An action for a declaratory judgment, under the IAPA may be initiated by filing a petition in the district court. I.C. § 67-5272. However, instead of filing a complaint for a declaratory judgment against CHCCP, the hospital purported to assert, in its appeal from the county commissioners’ decision, an appeal “from the written instruction” of CHCCP “instructing all county commission*521ers ... not to pay more than the $10,000 deductible to health care providers.” The amended notice of appeal also purported to appeal from CHCCP’s “manual issued on August 24, 1998.” CHCCP was not a party to the action before the county commissioners and was not named as a party until the hospital’s amended notice of appeal. The district court concluded, therefore, that the hospital’s request for some type of relief from CHCCP need not be addressed because the issue was not raised before the county commissioners.

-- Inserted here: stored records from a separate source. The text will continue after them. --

lemma bounded_left_invariant_right_ideal:
  fixes \<F> :: "'a::semigroup_mult set"
  assumes bound: "\<And>V. finite V \<Longrightarrow> left_invariant \<F> V \<Longrightarrow> card V \<le> N"
    and F: "finite F" "F \<noteq> {}" "left_invariant \<F> F"
  obtains V :: "'a set" where "finite V" "V \<noteq> {}" "\<And>x t. x \<in> V \<Longrightarrow> x * t \<in> V"
proof -
  define P where "P V \<longleftrightarrow> finite V \<and> left_invariant \<F> V" for V
  have "\<exists>V. P V \<and> (\<forall>W. P W \<longrightarrow> card W \<le> card V)"
  proof (rule ex_has_greatest_nat)
    show "P F" using F by (simp add: P_def)
    show "\<forall>W. P W \<longrightarrow> card W < Suc N" using bound by (simp add: P_def less_Suc_eq_le)
  qed
  then obtain V where V: "finite V" "left_invariant \<F> V"
    and max: "\<And>W. finite W \<Longrightarrow> left_invariant \<F> W \<Longrightarrow> card W \<le> card V"
    unfolding P_def by blast
  have "0 < card F" using F(1,2) by (simp add: card_gt_0_iff)
  with max[OF F(1,3)] have nonempty: "V \<noteq> {}" by auto
  have closed: "x * t \<in> V" if "x \<in> V" for x t
  proof -
    \<comment> \<open>left translations commute with right translations, so V \<union> V t is again invariant\<close>
    define W where "W = V \<union> (\<lambda>y. y * t) ` V"
    have "left_invariant \<F> W"
      unfolding left_invariant_def W_def
    proof (intro ballI subsetI)
      fix s z assume s: "s \<in> \<F>" and "z \<in> (\<lambda>x. s * x) ` (V \<union> (\<lambda>y. y * t) ` V)"
      then obtain y where y: "y \<in> V" and "z = s * y \<or> z = s * (y * t)"
        by blast
      then have z: "z = s * y \<or> z = s * y * t" by (simp add: mult.assoc)
      have "s * y \<in> V" using V(2) s y unfolding left_invariant_def by blast
      with z show "z \<in> V \<union> (\<lambda>y. y * t) ` V" by blast
    qed
    moreover have "finite W" using V(1) by (simp add: W_def)
    ultimately have "card W \<le> card V" by (intro max)
    moreover have "V \<subseteq> W" by (simp add: W_def)
    moreover have "card V \<le> card W" by (rule card_mono) fact+
    ultimately have "V = W"
      using card_subset_eq[OF \<open>finite W\<close> \<open>V \<subseteq> W\<close>] by simp
    moreover have "x * t \<in> W" using that by (simp add: W_def)
    ultimately show ?thesis by simp
  qed
  show thesis by (rule that[OF V(1) nonempty closed])
qed

locale inv_semigroup =
  assumes inverse: "inverse_semigroup TYPE('a::semigroup_mult)"
begin

lemma ex1_inverse: "\<exists>!t. (s::'a) * t * s = s \<and> t * s * t = t"
  using inverse unfolding inverse_semigroup_def by blast

lemma mult_star_mult: "(s::'a) * star s * s = s"
  and star_mult_star: "star s * s * star s = star s"
  using theI'[OF ex1_inverse[of s]] unfolding star_def by blast+

lemma star_unique: "(s::'a) * t * s = s \<Longrightarrow> t * s * t = t \<Longrightarrow> t = star s"
  using ex1_inverse[of s] mult_star_mult[of s] star_mult_star[of s] by blast

lemma star_star [simp]: "star (star (s::'a)) = s"
  using star_unique[OF star_mult_star mult_star_mult] by simp

lemma star_idempotent: "(e::'a) * e = e \<Longrightarrow> star e = e"
  using star_unique[of e e] by simp

lemma idempotent_mult:
  assumes e: "(e::'a) * e = e" and f: "f * f = f"
  shows "(e * f) * (e * f) = e * f"
proof -
  define x where "x = star (e * f)"
  have x1: "e * f * x * (e * f) = e * f" and x2: "x * (e * f) * x = x"
    unfolding x_def by (rule mult_star_mult, rule star_mult_star)
  have ee: "e * (e * z) = e * z" and ff: "f * (f * z) = f * z" for z
    using e f by (metis mult.assoc)+
  \<comment> \<open>f x e is another inverse of e f, hence equals x; this makes x idempotent\<close>
  have "e * f * (f * x * e) * (e * f) = e * f"
    using x1 by (simp add: mult.assoc ee ff)
  moreover have "f * x * e * (e * f) * (f * x * e) = f * x * e"
  proof -
    have "f * x * e * (e * f) * (f * x * e) = f * (x * (e * f) * x) * e"
      by (simp add: mult.assoc ee ff)
    also have "\<dots> = f * x * e"
      using x2 by (simp add: mult.assoc)
    finally show ?thesis .
  qed
  ultimately have fxe: "f * x * e = x"
    unfolding x_def by (rule star_unique)
  have "x * x = f * (x * (e * f) * x) * e"
    by (subst (1 2) fxe [symmetric]) (simp add: mult.assoc)
  also have "\<dots> = x"
    using x2 fxe by (simp add: mult.assoc)
  finally have "x * x = x" .
  moreover have "e * f = x"
    using star_idempotent[OF \<open>x * x = x\<close>] unfolding x_def by (metis star_star)
  ultimately show ?thesis by simp
qed

lemma idempotents_commute:
  assumes e: "(e::'a) * e = e" and f: "f * f = f"
  shows "e * f = f * e"
proof -
  have ee: "e * (e * z) = e * z" and ff: "f * (f * z) = f * z" for z
    using e f by (metis mult.assoc)+
  have "e * f * (f * e) * (e * f) = e * f"
    using idempotent_mult[OF e f] by (simp add: mult.assoc ee ff)
  moreover have "f * e * (e * f) * (f * e) = f * e"
    using idempotent_mult[OF f e] by (simp add: mult.assoc ee ff)
  ultimately have "f * e = star (e * f)"
    by (rule star_unique)
  also have "\<dots> = e * f"
    using star_idempotent[OF idempotent_mult[OF e f]] .
  finally show ?thesis by simp
qed

lemma projections_iff_idempotent: "(e::'a) \<in> projections TYPE('a) \<longleftrightarrow> e * e = e"
proof
  assume "e \<in> projections TYPE('a)"
  then obtain s where "e = star s * s" unfolding projections_def by blast
  then show "e * e = e" using star_mult_star[of s] by (metis mult.assoc)
next
  assume "e * e = e"
  then have "e = star e * e" by (simp add: star_idempotent)
  then show "e \<in> projections TYPE('a)" unfolding projections_def by blast
qed

lemma mult_star_in_projections: "(s::'a) * star s \<in> projections TYPE('a)"
  unfolding projections_iff_idempotent using mult_star_mult[of s] by (metis mult.assoc)

lemma finite_right_ideal_has_minimal_projection:
  assumes V: "finite V" "V \<noteq> {}" and right_ideal: "\<And>x t. x \<in> V \<Longrightarrow> (x::'a) * t \<in> V"
  shows "\<exists>e0::'a. minimal_projection e0"
proof -
  define X where "X = projections TYPE('a) \<inter> V"
  define below where "below e f \<longleftrightarrow> proj_le e f \<and> e \<noteq> f" for e f :: 'a
  obtain x where "x \<in> V" using V(2) by blast
  then have "x * star x \<in> X"
    using right_ideal mult_star_in_projections by (simp add: X_def)
  then have X: "finite X" "X \<noteq> {}" using V(1) by (auto simp: X_def)
  have commute: "e * f = f * e" if "e \<in> X" "f \<in> X" for e f
    using that idempotents_commute by (simp add: X_def projections_iff_idempotent)
  have "asymp_on X below"
    unfolding asymp_on_def below_def proj_le_def using commute by metis
  moreover have "transp_on X below"
    unfolding transp_on_def below_def proj_le_def using commute by (metis mult.assoc)
  ultimately obtain e0 where e0: "e0 \<in> X" and min: "\<And>f. f \<in> X \<Longrightarrow> f \<noteq> e0 \<Longrightarrow> \<not> below f e0"
    using Finite_Set.bex_min_element[OF X(1) _ _ X(2)] by blast
  have "minimal_projection e0"
    unfolding minimal_projection_def
  proof (intro conjI ballI impI)
    show "e0 \<in> projections TYPE('a)" using e0 by (simp add: X_def)
    fix f assume f: "f \<in> projections TYPE('a)" and "proj_le f e0"
    moreover have "e0 * e0 = e0" "f * f = f"
      using e0 f by (simp_all add: X_def projections_iff_idempotent)
    ultimately have "f = e0 * f"
      using idempotents_commute unfolding proj_le_def by metis
    moreover have "e0 * f \<in> V"
      using e0 right_ideal by (simp add: X_def)
    ultimately have "f \<in> X"
      using f by (simp add: X_def)
    then show "f = e0"
      using min \<open>proj_le f e0\<close> unfolding below_def by blast
  qed
  then show ?thesis ..
qed
(* Let $A\in\mathbb{R}^{m_1\times d_1}$ and $B\in\mathbb{R}^{m_2\times d_2}$ be completely mixable matrices that have been permuted so that each has all row sums equal. Define the matrix $C=A\oplus B$ with $m_1m_2$ rows and $d_1d_2$ columns by $C_{m_2(i-1)+k,\,d_2(j-1)+l}=A_{ij}+B_{kl}$ for $1\leq i\leq m_1$, $1\leq j\leq d_1$, $1\leq k\leq m_2$, $1\leq l\leq d_2$ (i.e. the block matrix obtained by replacing each entry $A_{ij}$ of $A$ by the block $(A_{ij}+B_{kl})_{1\leq k\leq m_2,\,1\leq l\leq d_2}$). Then $C$ is completely mixable.
   Context: For $A\in\mathbb{R}^{m\times d}$ and $\Pi=(\pi_1,\dots,\pi_d)\in\mathfrak{S}(m)^d$ (where $\mathfrak{S}(m)$ is the symmetric group on $\{1,\dots,m\}$), $A^\Pi$ denotes the matrix with $A^\Pi_{i,j}=A_{\pi_j^{-1}(i),j}$. Define $\gamma(A)=\min_{\Pi}\max_{i}\sum_{j=1}^d A^\Pi_{i,j}$ and $\beta(A)=\max_{\Pi}\min_{i}\sum_{j=1}^d A^\Pi_{i,j}$. The matrix $A$ is called completely mixable if $\gamma(A)=\beta(A)$, i.e. if the entries within each column can be permuted so that all row sums are equal. *)

theory Defs
  imports Complex_Main "HOL-Combinatorics.Permutations"
begin

text \<open>An m x d real matrix is represented as a function A :: nat => nat => real,
  with rows indexed by 0..<m and columns by 0..<d (0-based indices).
  A tuple Pi = (pi_1,...,pi_d) of permutations of the rows is a function
  nat => (nat => nat) with Pi j permuting {0..<m} for j < d; for
  definiteness (so that the set of tuples is finite) Pi j = id for j >= d.\<close>

definition perm_tuples :: "nat \<Rightarrow> nat \<Rightarrow> (nat \<Rightarrow> nat \<Rightarrow> nat) set" where
  "perm_tuples m d = {P. (\<forall>j<d. P j permutes {..<m}) \<and> (\<forall>j\<ge>d. P j = id)}"

definition permute_cols :: "(nat \<Rightarrow> nat \<Rightarrow> real) \<Rightarrow> (nat \<Rightarrow> nat \<Rightarrow> nat) \<Rightarrow> nat \<Rightarrow> nat \<Rightarrow> real" where
  "permute_cols A P i j = A (inv (P j) i) j"

definition row_sum :: "nat \<Rightarrow> (nat \<Rightarrow> nat \<Rightarrow> real) \<Rightarrow> nat \<Rightarrow> real" where
  "row_sum d A i = (\<Sum>j<d. A i j)"

definition gamma :: "nat \<Rightarrow> nat \<Rightarrow> (nat \<Rightarrow> nat \<Rightarrow> real) \<Rightarrow> real" where
  "gamma m d A = Min ((\<lambda>P. Max ((\<lambda>i. row_sum d (permute_cols A P) i) ` {..<m})) ` perm_tuples m d)"

definition beta :: "nat \<Rightarrow> nat \<Rightarrow> (nat \<Rightarrow> nat \<Rightarrow> real) \<Rightarrow> real" where
  "beta m d A = Max ((\<lambda>P. Min ((\<lambda>i. row_sum d (permute_cols A P) i) ` {..<m})) ` perm_tuples m d)"

definition completely_mixable :: "nat \<Rightarrow> nat \<Rightarrow> (nat \<Rightarrow> nat \<Rightarrow> real) \<Rightarrow> bool" where
  "completely_mixable m d A \<longleftrightarrow> gamma m d A = beta m d A"

definition block_oplus :: "nat \<Rightarrow> nat \<Rightarrow> (nat \<Rightarrow> nat \<Rightarrow> real) \<Rightarrow> (nat \<Rightarrow> nat \<Rightarrow> real) \<Rightarrow> nat \<Rightarrow> nat \<Rightarrow> real" where
  "block_oplus m2 d2 A B r c = A (r div m2) (c div d2) + B (r mod m2) (c mod d2)"

end

theory Submission
  imports Defs
begin

text \<open>Permuting entries within columns does not change the total of all entries, so the
  average row sum is the same for every permuted matrix; hence every permuted matrix has
  maximal row sum at least this average and minimal row sum at most it. A matrix whose
  row sums are already all equal therefore attains both bounds, giving gamma = beta.
  For the block matrix, the row sum of row m2 i + k is d2 times the i-th row sum of A
  plus d1 times the k-th row sum of B, which is constant when those of A and B are.
  So only the equal-row-sum hypotheses are used; complete mixability of A and B is
  implied by them.\<close>

lemma finite_perm_tuples: "finite (perm_tuples m d)"
proof -
  let ?extend = "\<lambda>f j. if j < d then f j else id"
  have "perm_tuples m d \<subseteq> ?extend ` PiE {..<d} (\<lambda>_. {p. p permutes {..<m}})"
  proof
    fix P assume P: "P \<in> perm_tuples m d"
    then have "P = ?extend (restrict P {..<d})"
      by (auto simp: perm_tuples_def)
    moreover have "restrict P {..<d} \<in> PiE {..<d} (\<lambda>_. {p. p permutes {..<m}})"
      using P by (simp add: perm_tuples_def)
    ultimately show "P \<in> ?extend ` PiE {..<d} (\<lambda>_. {p. p permutes {..<m}})"
      by (rule image_eqI)
  qed
  moreover have "finite (PiE {..<d} (\<lambda>_. {p. p permutes {..<m}}))"
    by (intro finite_PiE) (simp_all add: finite_permutations)
  ultimately show ?thesis
    by (meson finite_imageI finite_subset)
qed

lemma permute_cols_id: "permute_cols A (\<lambda>j. id) = A"
  by (simp add: permute_cols_def fun_eq_iff)

lemma id_in_perm_tuples: "(\<lambda>j. id) \<in> perm_tuples m d"
  by (simp add: perm_tuples_def permutes_id)

lemma sum_row_sum_permute_cols:
  assumes "P \<in> perm_tuples m d"
  shows "(\<Sum>i<m. row_sum d (permute_cols A P) i) = (\<Sum>i<m. row_sum d A i)"
proof -
  have "(\<Sum>i<m. A (inv (P j) i) j) = (\<Sum>i<m. A i j)" if "j < d" for j
  proof -
    have "inv (P j) permutes {..<m}"
      using assms that by (simp add: perm_tuples_def permutes_inv)
    then show ?thesis
      using sum.reindex_bij_betw[OF permutes_imp_bij, of "inv (P j)" "{..<m}" "\<lambda>i. A i j"]
      by simp
  qed
  then have "(\<Sum>j<d. \<Sum>i<m. A (inv (P j) i) j) = (\<Sum>j<d. \<Sum>i<m. A i j)"
    by (rule sum.cong[OF refl]) simp
  then show ?thesis
    unfolding row_sum_def permute_cols_def
    by (simp only: sum.swap[of _ "{..<m}"])
qed

lemma average_le_Max:
  fixes f :: "'a \<Rightarrow> 'b::linordered_idom"
  assumes "finite I" "I \<noteq> {}" "sum f I = of_nat (card I) * S"
  shows "S \<le> Max (f ` I)"
proof -
  have "of_nat (card I) * S \<le> of_nat (card I) * Max (f ` I)"
    unfolding assms(3)[symmetric] by (rule sum_bounded_above) (simp add: assms(1))
  moreover have "card I > 0"
    using assms by (simp add: card_gt_0_iff)
  ultimately show ?thesis
    by simp
qed

lemma Min_le_average:
  fixes f :: "'a \<Rightarrow> 'b::linordered_idom"
  assumes "finite I" "I \<noteq> {}" "sum f I = of_nat (card I) * S"
  shows "Min (f ` I) \<le> S"
proof -
  have "of_nat (card I) * Min (f ` I) \<le> of_nat (card I) * S"
    unfolding assms(3)[symmetric] by (rule sum_bounded_below) (simp add: assms(1))
  moreover have "card I > 0"
    using assms by (simp add: card_gt_0_iff)
  ultimately show ?thesis
    by simp
qed

lemma completely_mixable_if_constant_row_sums:
  assumes "0 < m" and Q: "Q \<in> perm_tuples m d"
    and const: "\<And>i. i < m \<Longrightarrow> row_sum d (permute_cols A Q) i = S"
  shows "completely_mixable m d A"
proof -
  let ?rows = "\<lambda>P. (\<lambda>i. row_sum d (permute_cols A P) i) ` {..<m}"
  have nonempty: "{..<m} \<noteq> {}"
    using \<open>0 < m\<close> by auto
  have total: "(\<Sum>i<m. row_sum d (permute_cols A P) i) = of_nat (card {..<m}) * S"
    if "P \<in> perm_tuples m d" for P
  proof -
    have "(\<Sum>i<m. row_sum d (permute_cols A P) i) = (\<Sum>i<m. row_sum d (permute_cols A Q) i)"
      unfolding sum_row_sum_permute_cols[OF that] sum_row_sum_permute_cols[OF Q] ..
    also have "\<dots> = (\<Sum>i<m. S)"
      by (rule sum.cong) (simp_all add: const)
    finally show ?thesis
      by simp
  qed
  have "?rows Q = (\<lambda>i. S) ` {..<m}"
    by (rule image_cong) (simp_all add: const)
  then have rows_Q: "?rows Q = {S}"
    using nonempty by (simp add: image_constant_conv)
  have "gamma m d A = S"
    unfolding gamma_def
  proof (rule Min_eqI)
    show "finite ((\<lambda>P. Max (?rows P)) ` perm_tuples m d)"
      by (simp add: finite_perm_tuples)
    show "S \<le> y" if "y \<in> (\<lambda>P. Max (?rows P)) ` perm_tuples m d" for y
      using that average_le_Max[OF finite_lessThan nonempty total] by blast
    show "S \<in> (\<lambda>P. Max (?rows P)) ` perm_tuples m d"
      by (rule image_eqI[where x = Q]) (simp_all add: rows_Q Q)
  qed
  moreover have "beta m d A = S"
    unfolding beta_def
  proof (rule Max_eqI)
    show "finite ((\<lambda>P. Min (?rows P)) ` perm_tuples m d)"
      by (simp add: finite_perm_tuples)
    show "y \<le> S" if "y \<in> (\<lambda>P. Min (?rows P)) ` perm_tuples m d" for y
      using that Min_le_average[OF finite_lessThan nonempty total] by blast
    show "S \<in> (\<lambda>P. Min (?rows P)) ` perm_tuples m d"
      by (rule image_eqI[where x = Q]) (simp_all add: rows_Q Q)
  qed
  ultimately show ?thesis
    by (simp add: completely_mixable_def)
qed

lemma sum_lessThan_mult_div_mod:
  fixes k :: nat
  shows "(\<Sum>c<n * k. g (c div k) (c mod k)) = (\<Sum>j<n. \<Sum>l<k. g j l)"
proof -
  have "(\<Sum>c\<in>{j * k..<j * k + k}. g (c div k) (c mod k)) = (\<Sum>l<k. g j l)" for j
  proof -
    have "(\<Sum>c\<in>{j * k..<j * k + k}. g (c div k) (c mod k))
        = (\<Sum>l<k. g ((l + j * k) div k) ((l + j * k) mod k))"
      using sum.shift_bounds_nat_ivl[of "\<lambda>c. g (c div k) (c mod k)" 0 "j * k" k]
      by (simp add: add.commute atLeast0LessThan)
    also have "\<dots> = (\<Sum>l<k. g j l)"
      by (rule sum.cong) auto
    finally show ?thesis .
  qed
  then show ?thesis
    by (simp only: sum.nat_group[symmetric])
qed

lemma row_sum_block_oplus:
  "row_sum (d1 * d2) (block_oplus m2 d2 A B) r
     = of_nat d2 * row_sum d1 A (r div m2) + of_nat d1 * row_sum d2 B (r mod m2)"
proof -
  have "row_sum (d1 * d2) (block_oplus m2 d2 A B) r
      = (\<Sum>j<d1. \<Sum>l<d2. A (r div m2) j + B (r mod m2) l)"
    unfolding row_sum_def block_oplus_def
    by (rule sum_lessThan_mult_div_mod)
  then show ?thesis
    by (simp add: row_sum_def sum.distrib sum_distrib_left)
qed

theorem proposition1:
  fixes A B :: "nat \<Rightarrow> nat \<Rightarrow> real" and m1 d1 m2 d2 :: nat
  assumes "0 < m1" "0 < d1" "0 < m2" "0 < d2"
    and "completely_mixable m1 d1 A" and "completely_mixable m2 d2 B"
    and "\<forall>i<m1. row_sum d1 A i = row_sum d1 A 0"
    and "\<forall>k<m2. row_sum d2 B k = row_sum d2 B 0"
  shows "completely_mixable (m1 * m2) (d1 * d2) (block_oplus m2 d2 A B)"
proof (rule completely_mixable_if_constant_row_sums[OF _ id_in_perm_tuples])
  show "0 < m1 * m2"
    using assms(1,3) by simp
  fix r assume "r < m1 * m2"
  then have "row_sum d1 A (r div m2) = row_sum d1 A 0"
    using assms(7) less_mult_imp_div_less by blast
  moreover have "row_sum d2 B (r mod m2) = row_sum d2 B 0"
    using assms(3,8) mod_less_divisor by blast
  ultimately show "row_sum (d1 * d2) (permute_cols (block_oplus m2 d2 A B) (\<lambda>j. id)) r
      = of_nat d2 * row_sum d1 A 0 + of_nat d1 * row_sum d2 B 0"
    by (simp only: permute_cols_id row_sum_block_oplus)
qed

end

Generally, issues not raised below may not be considered for the first time on appeal. Sanchez v. Arave, 120 Idaho 321, 322, 815 P.2d 1061, 1062 (1991); Sun Valley Shopping Center, Inc. v. Idaho Power Co., 119 Idaho 87, 93, 803 P.2d 993, 999 (1991). The district court, acting in its appellate capacity, correctly declined to hear issues which were not raised in the proceeding below. The district court also properly ruled that a court in its appellate capacity may not entertain a claim against an entity which was not a party to the action below. Accordingly, we affirm the district court’s order dismissing the appeal as against CHCCP.

C. ATTORNEY FEES

The hospital seeks an award of attorney fees pursuant to 42 U.S.C. § 1988 and I.C. § 12-117. Attorney fees would be appropriate pursuant to section 1988 only if the hospital prevailed on the theory that the “takings” clause of the United States Constitution provided a legitimate claim to prejudgment interest. Based upon our opinion that interest is unawardable under any theoiy because there is no statutory authority to enter a money judgment, the hospital is not entitled to fees under section 1988.

Idaho Code Section 12-117 provides for reasonable attorney fees attributable to the issues upon which a party prevails in suits against a state agency, city or county. The hospital has not prevailed; and, therefore, it will not be awarded attorney fees.

III.

CONCLUSION

The district court, acting in its appellate capacity pursuant to LAPA, did not have the statutory authority to enter a money judgment. Therefore, it was not error for the district court to refuse to do so. We need not address the merits of the hospital’s arguments for pre- and postjudgment interest because no money judgment was issued in this ease. Accordingly, we affirm the district court’s denial of University of Utah Hospital’s request for a judgment and interest. We affirm the district court’s dismissal of CHCCP because it was not named as a party in the proceedings before the county commissioners. We award costs to the board of commissioners of Payette County and to CHCCP. No attorney fees are awarded to any party, as the University of Utah Hospital has not prevailed and neither the county nor the CHCCP requested such an award.

WALTERS, C.J., and LANSING, J., concur.

. Idaho Code Section 67-5215(g), which was repealed in 1992, provided:

(g) The court shall not substitute its judgment for that of the agency as to the weight of the evidence on questions of fact. The court may affirm the decision of the agency or remand the case for further proceedings. The court may reverse or modify the decision if substantial rights of the appellant have been prejudiced because the administrative findings, inferences, conclusions, or decisions are:
(1)in violation of constitutional or statutory provisions;
(2) in excess of the statutory authority of the agency;
(3) made upon [unjlawful procedure;
(4) affected by other error of law;
(5) clearly erroneous in view of the reliable, probative, and substantial evidence on the whole record; or
(6) arbitrary or capricious or characterized by abuse of discretion or clearly unwarranted exercise of discretion.

. This provision has subsequently been amended and recodified as Wash.Rev.Code § 34.05.570.